Stored data:

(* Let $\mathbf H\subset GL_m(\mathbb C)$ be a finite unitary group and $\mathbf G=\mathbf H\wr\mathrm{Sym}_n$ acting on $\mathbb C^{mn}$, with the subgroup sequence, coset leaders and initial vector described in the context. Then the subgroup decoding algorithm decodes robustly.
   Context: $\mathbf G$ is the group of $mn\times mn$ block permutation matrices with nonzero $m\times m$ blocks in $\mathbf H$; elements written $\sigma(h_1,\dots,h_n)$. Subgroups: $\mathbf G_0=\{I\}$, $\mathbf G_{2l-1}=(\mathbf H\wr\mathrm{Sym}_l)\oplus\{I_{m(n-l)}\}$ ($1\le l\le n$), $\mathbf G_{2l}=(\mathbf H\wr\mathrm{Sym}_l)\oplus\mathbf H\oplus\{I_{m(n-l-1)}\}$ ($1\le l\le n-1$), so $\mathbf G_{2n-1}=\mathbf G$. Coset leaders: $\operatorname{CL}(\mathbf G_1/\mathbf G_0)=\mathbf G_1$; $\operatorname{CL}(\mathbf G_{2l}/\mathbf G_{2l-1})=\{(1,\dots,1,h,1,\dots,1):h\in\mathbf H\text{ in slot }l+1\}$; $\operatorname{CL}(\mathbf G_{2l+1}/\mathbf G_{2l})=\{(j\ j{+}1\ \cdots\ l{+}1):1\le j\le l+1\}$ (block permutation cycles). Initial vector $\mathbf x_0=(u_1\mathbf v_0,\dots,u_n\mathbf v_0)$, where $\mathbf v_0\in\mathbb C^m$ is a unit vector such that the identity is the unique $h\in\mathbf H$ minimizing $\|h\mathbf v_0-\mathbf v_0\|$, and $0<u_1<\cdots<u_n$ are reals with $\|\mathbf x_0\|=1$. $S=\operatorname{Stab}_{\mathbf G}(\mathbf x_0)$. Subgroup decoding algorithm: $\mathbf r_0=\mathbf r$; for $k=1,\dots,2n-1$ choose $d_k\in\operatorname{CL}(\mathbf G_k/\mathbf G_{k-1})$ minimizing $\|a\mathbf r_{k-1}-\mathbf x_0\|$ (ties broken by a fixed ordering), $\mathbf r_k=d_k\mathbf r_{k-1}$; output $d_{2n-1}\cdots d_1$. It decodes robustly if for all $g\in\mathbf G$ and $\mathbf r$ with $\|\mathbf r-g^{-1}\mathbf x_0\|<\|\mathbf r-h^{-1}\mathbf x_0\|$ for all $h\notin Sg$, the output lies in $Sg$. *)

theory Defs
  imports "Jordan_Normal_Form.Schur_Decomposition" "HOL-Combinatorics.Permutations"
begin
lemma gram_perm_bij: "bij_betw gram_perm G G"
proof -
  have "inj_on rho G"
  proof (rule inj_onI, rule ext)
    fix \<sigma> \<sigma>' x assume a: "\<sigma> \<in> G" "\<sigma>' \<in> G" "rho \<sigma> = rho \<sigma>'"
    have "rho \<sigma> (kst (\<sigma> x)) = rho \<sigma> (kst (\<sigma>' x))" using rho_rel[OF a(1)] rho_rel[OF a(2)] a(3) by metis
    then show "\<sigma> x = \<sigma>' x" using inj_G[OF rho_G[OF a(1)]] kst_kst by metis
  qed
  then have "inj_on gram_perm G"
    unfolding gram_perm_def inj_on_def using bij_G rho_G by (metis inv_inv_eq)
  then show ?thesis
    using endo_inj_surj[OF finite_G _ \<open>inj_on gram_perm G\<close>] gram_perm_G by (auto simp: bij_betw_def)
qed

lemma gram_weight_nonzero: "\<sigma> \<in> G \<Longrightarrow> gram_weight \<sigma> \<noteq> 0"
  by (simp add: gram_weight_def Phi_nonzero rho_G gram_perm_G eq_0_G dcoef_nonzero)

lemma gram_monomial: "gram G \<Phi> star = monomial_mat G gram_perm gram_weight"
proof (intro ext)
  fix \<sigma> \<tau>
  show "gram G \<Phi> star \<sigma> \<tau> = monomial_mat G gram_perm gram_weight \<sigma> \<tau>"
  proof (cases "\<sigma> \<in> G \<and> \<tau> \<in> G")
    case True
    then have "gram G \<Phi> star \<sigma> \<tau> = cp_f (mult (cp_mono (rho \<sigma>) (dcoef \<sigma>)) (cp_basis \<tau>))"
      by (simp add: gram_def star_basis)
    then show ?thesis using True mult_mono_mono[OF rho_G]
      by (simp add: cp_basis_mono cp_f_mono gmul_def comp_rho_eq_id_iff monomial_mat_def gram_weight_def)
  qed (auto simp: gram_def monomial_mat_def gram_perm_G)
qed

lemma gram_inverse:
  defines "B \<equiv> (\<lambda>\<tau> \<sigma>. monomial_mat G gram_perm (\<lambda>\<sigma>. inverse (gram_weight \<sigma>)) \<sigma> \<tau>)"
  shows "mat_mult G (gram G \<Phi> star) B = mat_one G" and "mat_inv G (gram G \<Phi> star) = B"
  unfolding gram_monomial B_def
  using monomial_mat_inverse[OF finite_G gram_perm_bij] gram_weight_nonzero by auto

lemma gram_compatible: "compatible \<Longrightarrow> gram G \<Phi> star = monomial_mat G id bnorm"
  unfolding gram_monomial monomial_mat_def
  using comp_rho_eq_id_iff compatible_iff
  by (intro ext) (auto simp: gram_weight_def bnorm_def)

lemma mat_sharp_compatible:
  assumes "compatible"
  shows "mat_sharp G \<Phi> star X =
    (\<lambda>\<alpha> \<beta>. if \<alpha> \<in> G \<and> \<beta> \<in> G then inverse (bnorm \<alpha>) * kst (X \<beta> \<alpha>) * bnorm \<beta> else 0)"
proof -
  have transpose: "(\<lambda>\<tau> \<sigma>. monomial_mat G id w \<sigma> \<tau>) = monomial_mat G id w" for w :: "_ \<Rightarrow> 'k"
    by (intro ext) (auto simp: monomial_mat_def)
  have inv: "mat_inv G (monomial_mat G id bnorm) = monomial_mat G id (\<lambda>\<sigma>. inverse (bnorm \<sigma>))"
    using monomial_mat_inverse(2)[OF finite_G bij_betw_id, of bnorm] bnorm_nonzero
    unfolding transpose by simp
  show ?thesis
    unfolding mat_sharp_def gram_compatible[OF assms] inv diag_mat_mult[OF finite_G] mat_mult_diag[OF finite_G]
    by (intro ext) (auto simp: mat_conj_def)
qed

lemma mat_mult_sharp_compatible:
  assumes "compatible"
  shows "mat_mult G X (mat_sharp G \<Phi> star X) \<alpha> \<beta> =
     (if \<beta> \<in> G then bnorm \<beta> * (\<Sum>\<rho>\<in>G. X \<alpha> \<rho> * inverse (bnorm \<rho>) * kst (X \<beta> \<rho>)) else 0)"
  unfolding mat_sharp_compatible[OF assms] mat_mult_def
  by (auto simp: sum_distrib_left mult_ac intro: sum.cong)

#### What is needed:
When you output the entries, keep every line exactly as it appears above.

#### Response to this exercise:
(* Let $\mathbf H\subset GL_m(\mathbb C)$ be a finite unitary group and $\mathbf G=\mathbf H\wr\mathrm{Sym}_n$ acting on $\mathbb C^{mn}$, with the subgroup sequence, coset leaders and initial vector described in the context. Then the subgroup decoding algorithm decodes robustly.
   Context: $\mathbf G$ is the group of $mn\times mn$ block permutation matrices with nonzero $m\times m$ blocks in $\mathbf H$; elements written $\sigma(h_1,\dots,h_n)$. Subgroups: $\mathbf G_0=\{I\}$, $\mathbf G_{2l-1}=(\mathbf H\wr\mathrm{Sym}_l)\oplus\{I_{m(n-l)}\}$ ($1\le l\le n$), $\mathbf G_{2l}=(\mathbf H\wr\mathrm{Sym}_l)\oplus\mathbf H\oplus\{I_{m(n-l-1)}\}$ ($1\le l\le n-1$), so $\mathbf G_{2n-1}=\mathbf G$. Coset leaders: $\operatorname{CL}(\mathbf G_1/\mathbf G_0)=\mathbf G_1$; $\operatorname{CL}(\mathbf G_{2l}/\mathbf G_{2l-1})=\{(1,\dots,1,h,1,\dots,1):h\in\mathbf H\text{ in slot }l+1\}$; $\operatorname{CL}(\mathbf G_{2l+1}/\mathbf G_{2l})=\{(j\ j{+}1\ \cdots\ l{+}1):1\le j\le l+1\}$ (block permutation cycles). Initial vector $\mathbf x_0=(u_1\mathbf v_0,\dots,u_n\mathbf v_0)$, where $\mathbf v_0\in\mathbb C^m$ is a unit vector such that the identity is the unique $h\in\mathbf H$ minimizing $\|h\mathbf v_0-\mathbf v_0\|$, and $0<u_1<\cdots<u_n$ are reals with $\|\mathbf x_0\|=1$. $S=\operatorname{Stab}_{\mathbf G}(\mathbf x_0)$. Subgroup decoding algorithm: $\mathbf r_0=\mathbf r$; for $k=1,\dots,2n-1$ choose $d_k\in\operatorname{CL}(\mathbf G_k/\mathbf G_{k-1})$ minimizing $\|a\mathbf r_{k-1}-\mathbf x_0\|$ (ties broken by a fixed ordering), $\mathbf r_k=d_k\mathbf r_{k-1}$; output $d_{2n-1}\cdots d_1$. It decodes robustly if for all $g\in\mathbf G$ and $\mathbf r$ with $\|\mathbf r-g^{-1}\mathbf x_0\|<\|\mathbf r-h^{-1}\mathbf x_0\|$ for all $h\notin Sg$, the output lies in $Sg$. *)

theory Defs
  imports "Jordan_Normal_Form.Schur_Decomposition" "HOL-Combinatorics.Permutations"
begin
lemma gram_perm_bij: "bij_betw gram_perm G G"
proof -
  have "inj_on rho G"
  proof (rule inj_onI, rule ext)
    fix \<sigma> \<sigma>' x assume a: "\<sigma> \<in> G" "\<sigma>' \<in> G" "rho \<sigma> = rho \<sigma>'"
    have "rho \<sigma> (kst (\<sigma> x)) = rho \<sigma> (kst (\<sigma>' x))" using rho_rel[OF a(1)] rho_rel[OF a(2)] a(3) by metis
    then show "\<sigma> x = \<sigma>' x" using inj_G[OF rho_G[OF a(1)]] kst_kst by metis
  qed
  then have "inj_on gram_perm G"
    unfolding gram_perm_def inj_on_def using bij_G rho_G by (metis inv_inv_eq)
  then show ?thesis
    using endo_inj_surj[OF finite_G _ \<open>inj_on gram_perm G\<close>] gram_perm_G by (auto simp: bij_betw_def)
qed

lemma gram_weight_nonzero: "\<sigma> \<in> G \<Longrightarrow> gram_weight \<sigma> \<noteq> 0"
  by (simp add: gram_weight_def Phi_nonzero rho_G gram_perm_G eq_0_G dcoef_nonzero)

lemma gram_monomial: "gram G \<Phi> star = monomial_mat G gram_perm gram_weight"
proof (intro ext)
  fix \<sigma> \<tau>
  show "gram G \<Phi> star \<sigma> \<tau> = monomial_mat G gram_perm gram_weight \<sigma> \<tau>"
  proof (cases "\<sigma> \<in> G \<and> \<tau> \<in> G")
    case True
    then have "gram G \<Phi> star \<sigma> \<tau> = cp_f (mult (cp_mono (rho \<sigma>) (dcoef \<sigma>)) (cp_basis \<tau>))"
      by (simp add: gram_def star_basis)
    then show ?thesis using True mult_mono_mono[OF rho_G]
      by (simp add: cp_basis_mono cp_f_mono gmul_def comp_rho_eq_id_iff monomial_mat_def gram_weight_def)
  qed (auto simp: gram_def monomial_mat_def gram_perm_G)
qed

lemma gram_inverse:
  defines "B \<equiv> (\<lambda>\<tau> \<sigma>. monomial_mat G gram_perm (\<lambda>\<sigma>. inverse (gram_weight \<sigma>)) \<sigma> \<tau>)"
  shows "mat_mult G (gram G \<Phi> star) B = mat_one G" and "mat_inv G (gram G \<Phi> star) = B"
  unfolding gram_monomial B_def
  using monomial_mat_inverse[OF finite_G gram_perm_bij] gram_weight_nonzero by auto

lemma gram_compatible: "compatible \<Longrightarrow> gram G \<Phi> star = monomial_mat G id bnorm"
  unfolding gram_monomial monomial_mat_def
  using comp_rho_eq_id_iff compatible_iff
  by (intro ext) (auto simp: gram_weight_def bnorm_def)

lemma mat_sharp_compatible:
  assumes "compatible"
  shows "mat_sharp G \<Phi> star X =
    (\<lambda>\<alpha> \<beta>. if \<alpha> \<in> G \<and> \<beta> \<in> G then inverse (bnorm \<alpha>) * kst (X \<beta> \<alpha>) * bnorm \<beta> else 0)"
proof -
  have transpose: "(\<lambda>\<tau> \<sigma>. monomial_mat G id w \<sigma> \<tau>) = monomial_mat G id w" for w :: "_ \<Rightarrow> 'k"
    by (intro ext) (auto simp: monomial_mat_def)
  have inv: "mat_inv G (monomial_mat G id bnorm) = monomial_mat G id (\<lambda>\<sigma>. inverse (bnorm \<sigma>))"
    using monomial_mat_inverse(2)[OF finite_G bij_betw_id, of bnorm] bnorm_nonzero
    unfolding transpose by simp
  show ?thesis
    unfolding mat_sharp_def gram_compatible[OF assms] inv diag_mat_mult[OF finite_G] mat_mult_diag[OF finite_G]
    by (intro ext) (auto simp: mat_conj_def)
qed

lemma mat_mult_sharp_compatible:
  assumes "compatible"
  shows "mat_mult G X (mat_sharp G \<Phi> star X) \<alpha> \<beta> =
     (if \<beta> \<in> G then bnorm \<beta> * (\<Sum>\<rho>\<in>G. X \<alpha> \<rho> * inverse (bnorm \<rho>) * kst (X \<beta> \<rho>)) else 0)"
  unfolding mat_sharp_compatible[OF assms] mat_mult_def
  by (auto simp: sum_distrib_left mult_ac intro: sum.cong)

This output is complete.